- What the exercise asks:
Transcribe exactly the lines that fall between the one holding "text \<open>If \<open>b(\<psi>)" and the one holding "using assms by (intro sum.mono_neutral_right)", inclusive, from the entries below.
─── Supplied entries ───
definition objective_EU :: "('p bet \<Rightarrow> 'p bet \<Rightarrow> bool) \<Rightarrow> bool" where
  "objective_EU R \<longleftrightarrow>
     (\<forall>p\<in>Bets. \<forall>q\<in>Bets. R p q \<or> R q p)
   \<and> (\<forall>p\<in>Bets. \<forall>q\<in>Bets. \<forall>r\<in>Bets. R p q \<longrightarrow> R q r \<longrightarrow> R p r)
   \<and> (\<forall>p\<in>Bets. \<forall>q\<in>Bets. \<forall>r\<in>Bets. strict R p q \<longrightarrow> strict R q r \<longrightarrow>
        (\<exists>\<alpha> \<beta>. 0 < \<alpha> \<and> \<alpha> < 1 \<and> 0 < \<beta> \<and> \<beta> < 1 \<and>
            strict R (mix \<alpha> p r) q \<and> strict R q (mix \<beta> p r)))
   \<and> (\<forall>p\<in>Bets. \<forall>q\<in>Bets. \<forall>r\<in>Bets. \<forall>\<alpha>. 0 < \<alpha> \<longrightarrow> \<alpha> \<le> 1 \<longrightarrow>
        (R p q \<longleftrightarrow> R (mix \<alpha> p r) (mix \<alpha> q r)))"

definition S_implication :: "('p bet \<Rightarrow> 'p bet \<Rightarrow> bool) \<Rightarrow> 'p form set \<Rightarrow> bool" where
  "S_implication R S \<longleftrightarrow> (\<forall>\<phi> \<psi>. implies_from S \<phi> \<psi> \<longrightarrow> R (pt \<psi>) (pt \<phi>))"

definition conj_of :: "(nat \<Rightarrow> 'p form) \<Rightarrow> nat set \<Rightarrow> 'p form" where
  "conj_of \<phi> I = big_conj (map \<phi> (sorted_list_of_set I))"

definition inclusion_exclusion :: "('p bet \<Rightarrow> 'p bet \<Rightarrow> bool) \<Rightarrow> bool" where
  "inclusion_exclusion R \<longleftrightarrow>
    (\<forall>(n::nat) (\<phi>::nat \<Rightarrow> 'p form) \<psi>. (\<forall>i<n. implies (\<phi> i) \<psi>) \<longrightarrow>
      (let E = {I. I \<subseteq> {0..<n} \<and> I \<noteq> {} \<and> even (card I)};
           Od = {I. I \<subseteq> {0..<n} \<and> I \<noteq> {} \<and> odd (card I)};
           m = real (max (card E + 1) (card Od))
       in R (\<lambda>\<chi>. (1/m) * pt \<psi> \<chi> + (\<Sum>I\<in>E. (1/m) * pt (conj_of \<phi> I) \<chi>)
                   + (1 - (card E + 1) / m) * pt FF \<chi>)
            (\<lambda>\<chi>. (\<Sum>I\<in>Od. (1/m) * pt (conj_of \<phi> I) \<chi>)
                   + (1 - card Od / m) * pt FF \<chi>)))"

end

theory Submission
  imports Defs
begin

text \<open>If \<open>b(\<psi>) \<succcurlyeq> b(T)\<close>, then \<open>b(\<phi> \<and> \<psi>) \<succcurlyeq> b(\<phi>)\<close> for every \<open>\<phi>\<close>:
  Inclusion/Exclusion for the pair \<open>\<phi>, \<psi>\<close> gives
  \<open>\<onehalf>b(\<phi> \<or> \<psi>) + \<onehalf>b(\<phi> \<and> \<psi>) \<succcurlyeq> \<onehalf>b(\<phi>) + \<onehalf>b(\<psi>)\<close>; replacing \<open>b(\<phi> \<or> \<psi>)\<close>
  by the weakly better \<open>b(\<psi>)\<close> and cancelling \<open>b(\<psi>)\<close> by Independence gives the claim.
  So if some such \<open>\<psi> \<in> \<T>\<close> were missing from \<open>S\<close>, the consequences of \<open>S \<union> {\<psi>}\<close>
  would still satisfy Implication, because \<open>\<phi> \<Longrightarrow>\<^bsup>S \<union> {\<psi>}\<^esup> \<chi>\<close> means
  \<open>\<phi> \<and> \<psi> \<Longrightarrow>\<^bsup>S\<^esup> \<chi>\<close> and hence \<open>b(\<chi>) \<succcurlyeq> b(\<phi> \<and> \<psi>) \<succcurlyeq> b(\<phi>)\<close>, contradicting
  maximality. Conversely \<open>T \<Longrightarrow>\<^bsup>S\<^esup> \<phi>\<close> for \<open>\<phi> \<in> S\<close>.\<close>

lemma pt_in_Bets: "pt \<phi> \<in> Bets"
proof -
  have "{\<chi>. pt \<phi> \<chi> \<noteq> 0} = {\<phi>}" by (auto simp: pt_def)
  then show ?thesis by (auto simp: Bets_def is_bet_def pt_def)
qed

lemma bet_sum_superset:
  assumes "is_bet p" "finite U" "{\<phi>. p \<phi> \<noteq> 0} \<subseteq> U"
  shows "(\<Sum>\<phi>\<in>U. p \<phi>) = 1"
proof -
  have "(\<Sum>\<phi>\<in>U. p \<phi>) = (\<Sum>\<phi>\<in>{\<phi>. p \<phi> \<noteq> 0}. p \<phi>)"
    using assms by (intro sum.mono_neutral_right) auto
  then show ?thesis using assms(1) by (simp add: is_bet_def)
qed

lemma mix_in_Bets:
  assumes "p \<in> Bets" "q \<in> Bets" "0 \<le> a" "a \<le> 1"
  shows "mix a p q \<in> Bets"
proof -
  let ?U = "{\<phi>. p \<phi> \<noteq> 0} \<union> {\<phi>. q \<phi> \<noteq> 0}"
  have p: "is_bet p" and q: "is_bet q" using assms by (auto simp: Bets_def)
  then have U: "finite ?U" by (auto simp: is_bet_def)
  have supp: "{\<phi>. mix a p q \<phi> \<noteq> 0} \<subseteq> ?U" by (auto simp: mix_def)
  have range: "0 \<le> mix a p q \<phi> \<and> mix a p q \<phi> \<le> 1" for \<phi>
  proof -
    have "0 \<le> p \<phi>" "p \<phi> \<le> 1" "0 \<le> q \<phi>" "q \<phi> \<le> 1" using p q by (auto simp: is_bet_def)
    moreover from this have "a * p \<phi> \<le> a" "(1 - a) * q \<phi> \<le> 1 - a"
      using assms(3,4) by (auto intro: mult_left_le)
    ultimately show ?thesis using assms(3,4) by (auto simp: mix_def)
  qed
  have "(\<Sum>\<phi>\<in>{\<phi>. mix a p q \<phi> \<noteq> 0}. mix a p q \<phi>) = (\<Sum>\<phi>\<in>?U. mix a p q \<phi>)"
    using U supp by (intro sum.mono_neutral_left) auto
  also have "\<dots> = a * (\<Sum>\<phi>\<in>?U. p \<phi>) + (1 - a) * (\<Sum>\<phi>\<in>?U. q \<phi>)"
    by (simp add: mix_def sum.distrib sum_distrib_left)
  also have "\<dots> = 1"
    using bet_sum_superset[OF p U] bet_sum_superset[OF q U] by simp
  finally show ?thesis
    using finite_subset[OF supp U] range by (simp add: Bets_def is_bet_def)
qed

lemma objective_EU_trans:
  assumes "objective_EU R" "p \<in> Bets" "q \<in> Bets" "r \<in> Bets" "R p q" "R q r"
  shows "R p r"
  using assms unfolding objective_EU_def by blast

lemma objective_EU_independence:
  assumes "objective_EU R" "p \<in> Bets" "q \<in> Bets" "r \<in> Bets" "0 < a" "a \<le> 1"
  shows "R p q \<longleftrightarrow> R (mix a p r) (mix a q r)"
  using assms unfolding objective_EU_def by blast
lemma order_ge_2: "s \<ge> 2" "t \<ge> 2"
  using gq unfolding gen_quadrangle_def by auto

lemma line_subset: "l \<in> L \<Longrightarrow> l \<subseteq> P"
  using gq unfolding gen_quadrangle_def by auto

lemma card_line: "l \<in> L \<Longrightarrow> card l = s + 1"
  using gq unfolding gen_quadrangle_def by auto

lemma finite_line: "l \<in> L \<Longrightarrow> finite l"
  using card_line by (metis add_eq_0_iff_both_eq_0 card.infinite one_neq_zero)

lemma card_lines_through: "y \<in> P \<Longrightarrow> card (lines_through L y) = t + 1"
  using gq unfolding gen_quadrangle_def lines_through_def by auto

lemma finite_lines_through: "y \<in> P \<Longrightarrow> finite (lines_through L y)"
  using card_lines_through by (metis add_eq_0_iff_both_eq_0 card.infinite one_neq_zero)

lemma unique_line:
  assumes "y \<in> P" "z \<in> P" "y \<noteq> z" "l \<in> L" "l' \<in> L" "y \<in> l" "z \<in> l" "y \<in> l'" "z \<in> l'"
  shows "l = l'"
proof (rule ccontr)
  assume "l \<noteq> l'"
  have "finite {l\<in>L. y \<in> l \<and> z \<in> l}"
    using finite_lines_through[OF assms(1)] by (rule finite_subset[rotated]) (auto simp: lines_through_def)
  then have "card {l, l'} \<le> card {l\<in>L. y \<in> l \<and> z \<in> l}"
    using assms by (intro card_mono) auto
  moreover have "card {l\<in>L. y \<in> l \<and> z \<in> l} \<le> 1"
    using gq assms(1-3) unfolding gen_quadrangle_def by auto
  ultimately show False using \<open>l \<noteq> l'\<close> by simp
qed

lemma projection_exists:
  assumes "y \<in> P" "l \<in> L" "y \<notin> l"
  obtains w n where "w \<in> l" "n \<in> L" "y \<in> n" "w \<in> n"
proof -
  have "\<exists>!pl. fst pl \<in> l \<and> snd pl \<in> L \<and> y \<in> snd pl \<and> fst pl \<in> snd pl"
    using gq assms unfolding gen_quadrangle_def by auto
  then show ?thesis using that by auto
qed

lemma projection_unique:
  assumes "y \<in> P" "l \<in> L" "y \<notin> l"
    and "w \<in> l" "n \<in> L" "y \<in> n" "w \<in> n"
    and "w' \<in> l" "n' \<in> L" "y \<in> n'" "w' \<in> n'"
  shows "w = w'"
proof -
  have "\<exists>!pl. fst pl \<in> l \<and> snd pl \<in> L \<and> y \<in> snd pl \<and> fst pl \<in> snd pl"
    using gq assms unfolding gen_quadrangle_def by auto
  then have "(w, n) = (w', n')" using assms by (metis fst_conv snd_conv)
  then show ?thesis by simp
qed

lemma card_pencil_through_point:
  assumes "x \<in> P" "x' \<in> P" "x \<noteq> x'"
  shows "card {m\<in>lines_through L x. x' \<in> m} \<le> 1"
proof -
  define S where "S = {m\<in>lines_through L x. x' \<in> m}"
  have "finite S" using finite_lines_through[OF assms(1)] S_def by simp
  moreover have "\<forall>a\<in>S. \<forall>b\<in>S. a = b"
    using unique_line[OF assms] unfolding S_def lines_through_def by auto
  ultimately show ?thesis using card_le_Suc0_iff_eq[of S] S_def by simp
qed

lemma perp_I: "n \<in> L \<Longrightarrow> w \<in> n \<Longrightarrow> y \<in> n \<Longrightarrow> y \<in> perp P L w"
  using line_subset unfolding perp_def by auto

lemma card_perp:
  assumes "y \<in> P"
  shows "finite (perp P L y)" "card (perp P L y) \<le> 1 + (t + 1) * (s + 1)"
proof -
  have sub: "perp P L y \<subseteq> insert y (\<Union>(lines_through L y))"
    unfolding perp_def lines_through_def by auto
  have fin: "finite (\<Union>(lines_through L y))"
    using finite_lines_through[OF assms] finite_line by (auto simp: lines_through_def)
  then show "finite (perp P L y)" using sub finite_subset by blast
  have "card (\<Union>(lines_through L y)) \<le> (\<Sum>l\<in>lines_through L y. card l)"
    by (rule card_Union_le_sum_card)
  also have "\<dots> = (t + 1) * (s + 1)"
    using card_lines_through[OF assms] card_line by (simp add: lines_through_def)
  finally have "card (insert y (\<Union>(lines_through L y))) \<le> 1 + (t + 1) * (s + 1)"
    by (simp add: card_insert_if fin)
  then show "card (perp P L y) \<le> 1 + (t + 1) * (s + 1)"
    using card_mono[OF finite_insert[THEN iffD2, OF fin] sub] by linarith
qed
───
- Response:
text \<open>If \<open>b(\<psi>) \<succcurlyeq> b(T)\<close>, then \<open>b(\<phi> \<and> \<psi>) \<succcurlyeq> b(\<phi>)\<close> for every \<open>\<phi>\<close>:
  Inclusion/Exclusion for the pair \<open>\<phi>, \<psi>\<close> gives
  \<open>\<onehalf>b(\<phi> \<or> \<psi>) + \<onehalf>b(\<phi> \<and> \<psi>) \<succcurlyeq> \<onehalf>b(\<phi>) + \<onehalf>b(\<psi>)\<close>; replacing \<open>b(\<phi> \<or> \<psi>)\<close>
  by the weakly better \<open>b(\<psi>)\<close> and cancelling \<open>b(\<psi>)\<close> by Independence gives the claim.
  So if some such \<open>\<psi> \<in> \<T>\<close> were missing from \<open>S\<close>, the consequences of \<open>S \<union> {\<psi>}\<close>
  would still satisfy Implication, because \<open>\<phi> \<Longrightarrow>\<^bsup>S \<union> {\<psi>}\<^esup> \<chi>\<close> means
  \<open>\<phi> \<and> \<psi> \<Longrightarrow>\<^bsup>S\<^esup> \<chi>\<close> and hence \<open>b(\<chi>) \<succcurlyeq> b(\<phi> \<and> \<psi>) \<succcurlyeq> b(\<phi>)\<close>, contradicting
  maximality. Conversely \<open>T \<Longrightarrow>\<^bsup>S\<^esup> \<phi>\<close> for \<open>\<phi> \<in> S\<close>.\<close>

lemma pt_in_Bets: "pt \<phi> \<in> Bets"
proof -
  have "{\<chi>. pt \<phi> \<chi> \<noteq> 0} = {\<phi>}" by (auto simp: pt_def)
  then show ?thesis by (auto simp: Bets_def is_bet_def pt_def)
qed

lemma bet_sum_superset:
  assumes "is_bet p" "finite U" "{\<phi>. p \<phi> \<noteq> 0} \<subseteq> U"
  shows "(\<Sum>\<phi>\<in>U. p \<phi>) = 1"
proof -
  have "(\<Sum>\<phi>\<in>U. p \<phi>) = (\<Sum>\<phi>\<in>{\<phi>. p \<phi> \<noteq> 0}. p \<phi>)"
    using assms by (intro sum.mono_neutral_right) auto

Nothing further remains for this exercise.